[DATA TO PROCESS — start]

(* Let $K$ be a non-Archimedean locally compact field of characteristic $p>0$ with group of 1-units $U=1+M_K$, and let $\Lambda$ be the set of locally analytic group endomorphisms $U\to U$. Let $f\in\Lambda$ with $f(1+x)=\sum_{n=0}^{\infty}a_nx^n$ for all $x\in M_K$, where $\sum a_nx^n\in 1+x\mathbb{F}_p[[x]]$. Then for each $n\ge0$, $a_n=0$ if and only if the Hasse derivative $\mathsf{D}^{(n)}f(1+x)$ is identically zero. In particular, $a_1=0$ if and only if $f(1+x)=g(1+x)^p$ for some $g\in\Lambda$.
   Context: $M_K$ is the maximal ideal of the ring of integers $R_K$ of $K$; with constant field $\mathbb{F}$ of order $q$ and uniformizer $\pi$, $K=\mathbb{F}((\pi))$, $U=1+\pi\mathbb{F}[[\pi]]$, and $|x|=q^{-v(x)}$. A continuous function $f$ on a ball $B_{\alpha,t}=\{u\in R_K:|u-\alpha|\le t\}$, $t=|\rho|$, is analytic there if $f(u)=\sum_{n\ge0}c_n\left(\frac{u-\alpha}{\rho}\right)^n$ with $c_n\in K$, $c_n\to0$; $f:U\to K$ is locally analytic if each $\alpha\in U$ has a ball $B_{\alpha,t_\alpha}\subset U$, $t_\alpha>0$, on which $f$ is analytic. The Hasse derivative of order $m$ of $f(1+x)=\sum_k a_kx^k$ is $\mathsf{D}^{(m)}f(1+x)=\sum_{k\ge m}\binom{k}{m}a_kx^{k-m}$. *)

theory Defs
  imports "HOL-Analysis.Analysis" "HOL-Computational_Algebra.Formal_Laurent_Series"
begin

text \<open>The local field K = F((pi)) is modelled as the type 'a fls of formal Laurent
series over a finite field 'a (the constant field F, of order q = CARD('a)).
Convergence in K is the library (pi-adic) topology on fls.\<close>

definition absK :: "'a::{field,finite} fls \<Rightarrow> real" where
  "absK x = (if x = 0 then 0 else real CARD('a) powr (- real_of_int (fls_subdegree x)))"
theorem proposition3p1p2:
  fixes v :: "'K::field \<Rightarrow> int" and k :: "'K set" and G :: "('K \<Rightarrow> 'K) set"
    and \<pi> \<pi>k :: 'K and r :: "'K \<Rightarrow> 'r::field"
    and B :: "(('K \<Rightarrow> 'K) \<Rightarrow> 'K) set"
  assumes hyp: "tr_context v k G \<pi> \<pi>k r"
    and finB: "finite B"
    and Bsub: "B \<subseteq> KG G - {\<lambda>_. 0}"
    and indep: "graded_indep v k G \<pi> r B"
  shows
   "(\<forall>c. (\<forall>b\<in>B. c b \<in> k) \<and> (\<exists>b\<in>B. c b \<noteq> 0) \<longrightarrow>
       (let m = Min {v (c b) + dfun v k G b | b. b \<in> B \<and> c b \<noteq> 0};
            B' = {b \<in> B. c b \<noteq> 0 \<and> v (c b) + dfun v k G b = m}
        in lincomb B c \<noteq> (\<lambda>_. 0) \<and> dfun v k G (lincomb B c) = m \<and>
           (\<exists>lam::(('K \<Rightarrow> 'K) \<Rightarrow> 'K) \<Rightarrow> 'r. (\<forall>b\<in>B'. lam b \<noteq> 0) \<and>
              R_eq (card G) (frakp v k G \<pi> r (lincomb B c))
                 (\<Sum>b\<in>B'. smult (lam b) (frakp v k G \<pi> r b)))))
    \<and> (\<forall>i::int. CC v G i \<inter> {lincomb B c | c. \<forall>b\<in>B. c b \<in> k} =
         {lincomb B c | c. \<forall>b\<in>B. \<exists>y\<in>k \<inter> OK v.
            c b = \<pi>k powi ((i - depth v k G - dfun v k G b - 1) div int (card G) + 1) * y})
    \<and> (card B = card G \<and> B \<subseteq> kG k G \<longrightarrow> graded_base v k G \<pi> r B)"
proof -
  interpret graded_indep_family v k G \<pi> \<pi>k r B
    using assms by unfold_locales (simp_all add: totally_ramified_def)
  have part1: "lincomb B c \<noteq> (\<lambda>_. 0) \<and> dfun v k G (lincomb B c) = lead_depth c \<and>
      (\<exists>lam. (\<forall>b\<in>lead_terms c. lam b \<noteq> 0) \<and>
         R_eq (card G) (frakp v k G \<pi> r (lincomb B c))
           (\<Sum>b\<in>lead_terms c. smult (lam b) (frakp v k G \<pi> r b)))"
    if c: "\<forall>b\<in>B. c b \<in> k" "\<exists>b\<in>B. c b \<noteq> 0" for c
  proof -
    obtain lam where "\<forall>b\<in>lead_terms c. lam b \<noteq> 0"
      "frakp v k G \<pi> r (lincomb B c) = (\<Sum>b\<in>lead_terms c. smult (lam b) (frakp v k G \<pi> r b))"
      using frakp_lincomb[OF c] .
    then show ?thesis using lincomb_nonzero[OF c] dfun_lincomb[OF c] by (auto simp: R_eq_def)
  qed
  show ?thesis
    unfolding Let_def lead_depth_def[symmetric] lead_terms_def[symmetric]
    using part1 CC_inter_span graded_base_if_card by blast
qed

end
lemma gauss_loss_deriv_1: "gauss_loss_deriv \<xi> s2 1 t = (softplus t - \<xi>) * logistic t / s2"
  by (simp add: gauss_loss_deriv_def pderiv_pCons algebra_simps
      add_divide_distrib diff_divide_distrib)

lemma gauss_loss_deriv_2:
  "gauss_loss_deriv \<xi> s2 2 t =
     ((logistic t)\<^sup>2 + (softplus t - \<xi>) * (logistic t * (1 - logistic t))) / s2"
  by (simp add: gauss_loss_deriv_def numeral_2_eq_2 pderiv_pCons power2_eq_square algebra_simps
      add_divide_distrib diff_divide_distrib)

lemma softplus_mult_logistic_deriv_le: "softplus t * (logistic t * (1 - logistic t)) \<le> 1"
proof -
  have "softplus t * (logistic t * (1 - logistic t)) \<le> exp t * (logistic t * (1 - logistic t))"
    using softplus_le_exp[of t] logistic_pos[of t] logistic_less_one[of t] by (intro mult_right_mono) auto
  also have "\<dots> = (logistic t)\<^sup>2"
    by (simp add: logistic_def field_simps power2_eq_square)
  also have "\<dots> \<le> 1"
    using logistic_pos[of t] logistic_less_one[of t] by (simp add: abs_square_le_1)
  finally show ?thesis .
qed

lemma abs_gauss_loss_deriv_2_le:
  assumes "s2 > 0"
  shows "\<bar>gauss_loss_deriv \<xi> s2 2 t\<bar> \<le> (2 + \<bar>\<xi>\<bar>) / s2"
proof -
  define g where "g = logistic t * (1 - logistic t)"
  have "0 \<le> g" "g \<le> 1"
    using logistic_pos[of t] logistic_less_one[of t] unfolding g_def by (auto simp: mult_le_one)
  then have "\<bar>\<xi> * g\<bar> \<le> \<bar>\<xi>\<bar>"
    by (simp add: abs_mult mult_left_le)
  moreover have "0 \<le> softplus t * g" "softplus t * g \<le> 1" "(logistic t)\<^sup>2 \<le> 1"
    using softplus_mult_logistic_deriv_le[of t] softplus_nonneg[of t] \<open>0 \<le> g\<close>
      logistic_pos[of t] logistic_less_one[of t]
    unfolding g_def by (auto simp: abs_square_le_1)
  ultimately have "\<bar>(logistic t)\<^sup>2 + (softplus t - \<xi>) * g\<bar> \<le> 2 + \<bar>\<xi>\<bar>"
    using zero_le_power2[of "logistic t"] unfolding abs_le_iff left_diff_distrib
    by (intro conjI) (elim conjE; linarith)+
  then show ?thesis
    using assms by (simp add: gauss_loss_deriv_2 g_def[symmetric] abs_divide divide_right_mono)
qed

lemma exp_mult_neg_le_one: "exp t * (- t) \<le> (1::real)"
proof -
  have "- t \<le> exp (- t)" using exp_ge_add_one_self[of "- t"] by linarith
  then have "exp t * (- t) \<le> exp t * exp (- t)" by (intro mult_left_mono) auto
  then show ?thesis by (simp add: exp_minus)
qed

lemma softplus_dissipative_nonpos:
  assumes "t \<le> 0" "\<beta> \<le> 1"
  shows "\<beta> * (\<xi> - softplus t)\<^sup>2 - (softplus t - \<xi>) * logistic t * (t - b)
    \<le> 2 * (\<bar>\<xi>\<bar> + \<bar>b\<bar> + 1)\<^sup>2"
proof -
  define E where "E = \<bar>\<xi>\<bar> + \<bar>b\<bar> + 1"
  have "exp t \<le> 1" using assms(1) by simp
  then have a: "\<bar>softplus t - \<xi>\<bar> \<le> 1 + \<bar>\<xi>\<bar>"
    using softplus_le_exp[of t] softplus_nonneg[of t] by arith
  have "logistic t * (- t) \<le> 1"
    using mult_right_mono[OF logistic_le_exp[of t], of "- t"] exp_mult_neg_le_one[of t] assms(1)
    by linarith
  moreover have "logistic t * \<bar>b\<bar> \<le> \<bar>b\<bar>"
    using logistic_pos[of t] logistic_less_one[of t] by (intro mult_left_le_one_le) auto
  moreover have "\<bar>logistic t * (t - b)\<bar> \<le> logistic t * (- t + \<bar>b\<bar>)"
    unfolding abs_mult using logistic_pos[of t] assms(1) by (intro mult_mono) auto
  ultimately have "\<bar>logistic t * (t - b)\<bar> \<le> 1 + \<bar>b\<bar>"
    unfolding distrib_left by linarith
  then have "\<bar>(softplus t - \<xi>) * logistic t * (t - b)\<bar> \<le> (1 + \<bar>\<xi>\<bar>) * (1 + \<bar>b\<bar>)"
    unfolding mult.assoc abs_mult[of "softplus t - \<xi>"] using a by (intro mult_mono) auto
  also have "\<dots> \<le> E\<^sup>2"
    unfolding E_def power2_eq_square by (intro mult_mono) auto
  finally have "\<bar>(softplus t - \<xi>) * logistic t * (t - b)\<bar> \<le> E\<^sup>2" .
  moreover have "(\<xi> - softplus t)\<^sup>2 \<le> E\<^sup>2"
    using a unfolding E_def by (subst abs_le_square_iff[symmetric]) arith
  then have "\<beta> * (\<xi> - softplus t)\<^sup>2 \<le> E\<^sup>2"
    using mult_right_mono[OF assms(2) zero_le_power2[of "\<xi> - softplus t"]] by linarith
  ultimately show ?thesis
    unfolding E_def[symmetric] by (simp add: abs_le_iff)
qed
lemma card_four_if_moved_non_involution:
  assumes p: "p \<in> hom G G" "inj_on p (carrier G)" and x: "x \<in> carrier G"
    and moved: "x \<in> moved_set G p" and nsq: "x \<otimes> x \<noteq> \<one>"
  shows "card {x, inv x, p x, inv (p x)} = 4"
proof -
  have px: "p x \<in> carrier G" using hom_in_carrier[OF p(1) x] .
  have "p x \<otimes> p x = p (x \<otimes> x)" using hom_mult[OF p(1) x x] by simp
  also have "\<dots> \<noteq> p \<one>" using nsq inj_on_eq_iff[OF p(2)] x by simp
  finally have "p x \<otimes> p x \<noteq> \<one>" using endo_one[OF p(1)] by simp
  then have xi: "inv x \<noteq> x" and pxi: "inv (p x) \<noteq> p x"
    using nsq square_eq_one_iff_inv_eq x px by auto
  have m: "p x \<noteq> x" "p x \<noteq> inv x" using moved unfolding moved_set_def by auto
  have ipx: "inv (p x) \<noteq> x"
  proof
    assume "inv (p x) = x"
    then have "inv (inv (p x)) = inv x" by simp
    then show False using m px by simp
  qed
  have ipi: "inv (p x) \<noteq> inv x"
  proof
    assume "inv (p x) = inv x"
    then have "inv (inv (p x)) = inv (inv x)" by simp
    then show False using m px x by simp
  qed
  show ?thesis
    using not_sym[OF xi] not_sym[OF m(1)] not_sym[OF ipx] not_sym[OF m(2)] not_sym[OF ipi]
      not_sym[OF pxi] by simp
qed

lemma card_class_elements_ge:
  assumes p: "p \<in> hom G G" "inj_on p (carrier G)" and x: "x \<in> carrier G"
  shows "(if x \<otimes> x = \<one> then 1 else 2) * (if x \<in> moved_set G p then 2 else 1)
         \<le> card {x, inv x, p x, inv (p x)}"
proof -
  have fin: "finite {x, inv x, p x, inv (p x)}" by simp
  consider "x \<notin> moved_set G p" "x \<otimes> x = \<one>" | "x \<notin> moved_set G p" "x \<otimes> x \<noteq> \<one>"
    | "x \<in> moved_set G p" "x \<otimes> x = \<one>" | "x \<in> moved_set G p" "x \<otimes> x \<noteq> \<one>"
    by blast
  then show ?thesis
  proof cases
    case 1
    have "0 < card {x, inv x, p x, inv (p x)}" using fin by (simp add: card_gt_0_iff)
    then show ?thesis using 1 by simp
  next
    case 2
    then have "inv x \<noteq> x" using square_eq_one_iff_inv_eq[OF x] by simp
    then have "card {x, inv x} = 2" by simp
    moreover have "card {x, inv x} \<le> card {x, inv x, p x, inv (p x)}" using fin by (rule card_mono) auto
    ultimately show ?thesis using 2 by simp
  next
    case 3
    then have "p x \<noteq> x" unfolding moved_set_def by simp
    then have "card {x, p x} = 2" by simp
    moreover have "card {x, p x} \<le> card {x, inv x, p x, inv (p x)}" using fin by (rule card_mono) auto
    ultimately show ?thesis using 3 by simp
  next
    case 4
    then have "card {x, inv x, p x, inv (p x)} = 4"
      using card_four_if_moved_non_involution[OF p x] by blast
    then show ?thesis using 4 by simp
  qed
qed
lemma minset_subset_minset_if_WPU:
  fixes r1 r2 cc :: "'w::finite \<Rightarrow> 'w \<Rightarrow> bool"
  assumes tpo: "tpo cc" and nonempty: "D \<noteq> {}"
    and wpu: "\<And>x y z. r1 x y \<Longrightarrow> r2 z y \<Longrightarrow> cc x y \<or> cc z y"
  shows "minset r1 D \<subseteq> minset cc D \<or> minset r2 D \<subseteq> minset cc D"
proof (rule ccontr)
  assume "\<not> ?thesis"
  then obtain w1 w2 where w: "w1 \<in> minset r1 D" "w1 \<notin> minset cc D"
    "w2 \<in> minset r2 D" "w2 \<notin> minset cc D" by blast
  obtain y where y: "y \<in> minset cc D" using minset_nonempty[OF tpo finite nonempty] by blast
  have "r1 w1 y" "r2 w2 y" using w y by (auto simp: minset_def)
  then have "cc w1 y \<or> cc w2 y" by (rule wpu)
  moreover have "w1 \<in> D" "w2 \<in> D" using w by (simp_all add: minset_def)
  ultimately show False using minset_if_le_minset[OF tpo y] w by blast
qed

lemma minset_subset_if_NO:
  fixes r r' cc :: "'w::finite \<Rightarrow> 'w \<Rightarrow> bool"
  assumes tpos: "tpo r'" "tpo cc"
    and no: "\<And>x y z. strict r' x y \<Longrightarrow> r z y \<Longrightarrow> strict cc x y \<or> cc z y"
    and sub: "minset cc D \<subseteq> minset r D \<union> minset r' D"
    and escapes: "\<not> minset cc D \<subseteq> minset r' D"
  shows "minset r D \<subseteq> minset cc D"
proof
  fix w assume w: "w \<in> minset r D"
  obtain y where y: "y \<in> minset cc D" "y \<notin> minset r' D" using escapes by blast
  have yD: "y \<in> D" using y(1) by (simp add: minset_def)
  obtain z where z: "z \<in> minset r' D" using minset_nonempty[OF tpos(1) finite, of D] yD by blast
  have "r w y" using w y sub by (auto simp: minset_def)
  with strict_if_notin_minset[OF tpos(1) z yD y(2)] have "strict cc z y \<or> cc w y" by (rule no)
  moreover have "cc y z" using y(1) z by (auto simp: minset_def)
  ultimately have "cc w y" by (auto simp: strict_def)
  moreover have "w \<in> D" using w by (simp add: minset_def)
  ultimately show "w \<in> minset cc D" by (rule minset_if_le_minset[OF tpos(2) y(1), rotated])
qed

lemma minset_cases_if_tq_postulates:
  fixes r1 r2 cc :: "'w::finite \<Rightarrow> 'w \<Rightarrow> bool"
  assumes tpos: "tpo r1" "tpo r2" "tpo cc" and post: "tq_postulates r1 r2 cc"
  shows "minset cc D = minset r1 D \<union> minset r2 D \<or> minset cc D = minset r1 D \<or>
    minset cc D = minset r2 D"
proof (cases "D = {}")
  case False
  have spu: "\<And>x y z. strict r1 x y \<Longrightarrow> strict r2 z y \<Longrightarrow> strict cc x y \<or> strict cc z y"
    and wpu: "\<And>x y z. r1 x y \<Longrightarrow> r2 z y \<Longrightarrow> cc x y \<or> cc z y"
    and no1: "\<And>x y z. strict r1 x y \<Longrightarrow> r2 z y \<Longrightarrow> strict cc x y \<or> cc z y"
    and no2: "\<And>x y z. strict r2 x y \<Longrightarrow> r1 z y \<Longrightarrow> strict cc x y \<or> cc z y"
    using post by (auto simp: tq_postulates_def)
  note sub = minset_subset_union_if_SPU[OF tpos(1,2) False spu]
  have "minset r1 D \<subseteq> minset cc D" if "\<not> minset cc D \<subseteq> minset r2 D"
    using minset_subset_if_NO[OF tpos(2,3) no2 sub that] .
  moreover have "minset r2 D \<subseteq> minset cc D" if "\<not> minset cc D \<subseteq> minset r1 D"
  proof -
    have "minset cc D \<subseteq> minset r2 D \<union> minset r1 D" using sub by blast
    then show ?thesis using minset_subset_if_NO[OF tpos(1,3) no1 _ that] by blast
  qed
  ultimately show ?thesis using sub minset_subset_minset_if_WPU[OF tpos(3) False wpu] by blast
qed (simp add: minset_def)
lemma comp_diff_vanishing:
  fixes g :: "real \<Rightarrow> real" and u :: "real \<Rightarrow> fn2" and v :: fn2
  assumes "continuous_on UNIV g" "uniform_limit (Iset l) u v (at 0)"
    and "continuous_on (Iset l) v" "theta_periodic v"
    and "\<And>\<kappa>. \<kappa> \<in> K \<Longrightarrow> continuous_on (Iset l) (u \<kappa>) \<and> theta_periodic (u \<kappa>)" "0 \<notin> K"
  obtains \<epsilon> where "(\<epsilon> \<longlongrightarrow> 0) (at 0)"
    "\<And>\<kappa>. \<kappa> \<in> K \<Longrightarrow> \<forall>x\<in>Iset l. \<bar>g (u \<kappa> x) - g (v x)\<bar> \<le> \<epsilon> \<kappa>"
proof -
  let ?P = "\<lambda>\<kappa> e. \<forall>x\<in>Iset l. \<bar>g (u \<kappa> x) - g (v x)\<bar> \<le> e"
  have mono: "?P \<kappa> e'" if "?P \<kappa> e" "e \<le> e'" for \<kappa> e e'
    using that by fastforce
  have bounded: "\<exists>e. ?P \<kappa> e" if "\<kappa> \<in> K" for \<kappa>
  proof -
    have "continuous_on (Iset l) (\<lambda>x. g (u \<kappa> x) - g (v x))"
      using assms(3) assms(5)[OF that]
      by (intro continuous_intros continuous_on_compose2[OF assms(1) _ subset_UNIV]) auto
    moreover have "theta_periodic (\<lambda>x. g (u \<kappa> x) - g (v x))"
      using assms(4) assms(5)[OF that] by (simp add: theta_periodic_def)
    ultimately obtain B where "\<And>x. x \<in> Iset l \<Longrightarrow> \<bar>g (u \<kappa> x) - g (v x)\<bar> \<le> B"
      using theta_periodic_bounded by blast
    then show ?thesis by blast
  qed
  have small: "\<forall>\<^sub>F \<kappa> in at 0. \<kappa> \<in> K \<longrightarrow> ?P \<kappa> e" if "0 < e" for e
  proof -
    obtain B where "\<And>x. x \<in> Iset l \<Longrightarrow> \<bar>v x\<bar> \<le> B"
      using theta_periodic_bounded[OF assms(3,4)] by blast
    from uniform_limit_compose_continuous[OF assms(1,2) this]
    have "uniform_limit (Iset l) (\<lambda>\<kappa> x. g (u \<kappa> x)) (\<lambda>x. g (v x)) (at 0)" .
    from uniform_limitD[OF this that] show ?thesis
      by (rule eventually_mono) (auto simp: dist_real_def less_imp_le)
  qed
  show ?thesis
    by (rule obtain_vanishing_bound[where P = ?P, OF assms(6)]) (fact mono bounded small that)+
qed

[DATA TO PROCESS — finish]

TASK ITEM: From the records above, retype only the lines starting at the line that contains "by (intro continuous_intros" and ending at the line that contains "from uniform_limit_compose_continuous[OF assms(1,2)", both included.

RESULT FOR THIS TASK:
      by (intro continuous_intros continuous_on_compose2[OF assms(1) _ subset_UNIV]) auto
    moreover have "theta_periodic (\<lambda>x. g (u \<kappa> x) - g (v x))"
      using assms(4) assms(5)[OF that] by (simp add: theta_periodic_def)
    ultimately obtain B where "\<And>x. x \<in> Iset l \<Longrightarrow> \<bar>g (u \<kappa> x) - g (v x)\<bar> \<le> B"
      using theta_periodic_bounded by blast
    then show ?thesis by blast
  qed
  have small: "\<forall>\<^sub>F \<kappa> in at 0. \<kappa> \<in> K \<longrightarrow> ?P \<kappa> e" if "0 < e" for e
  proof -
    obtain B where "\<And>x. x \<in> Iset l \<Longrightarrow> \<bar>v x\<bar> \<le> B"
      using theta_periodic_bounded[OF assms(3,4)] by blast
    from uniform_limit_compose_continuous[OF assms(1,2) this]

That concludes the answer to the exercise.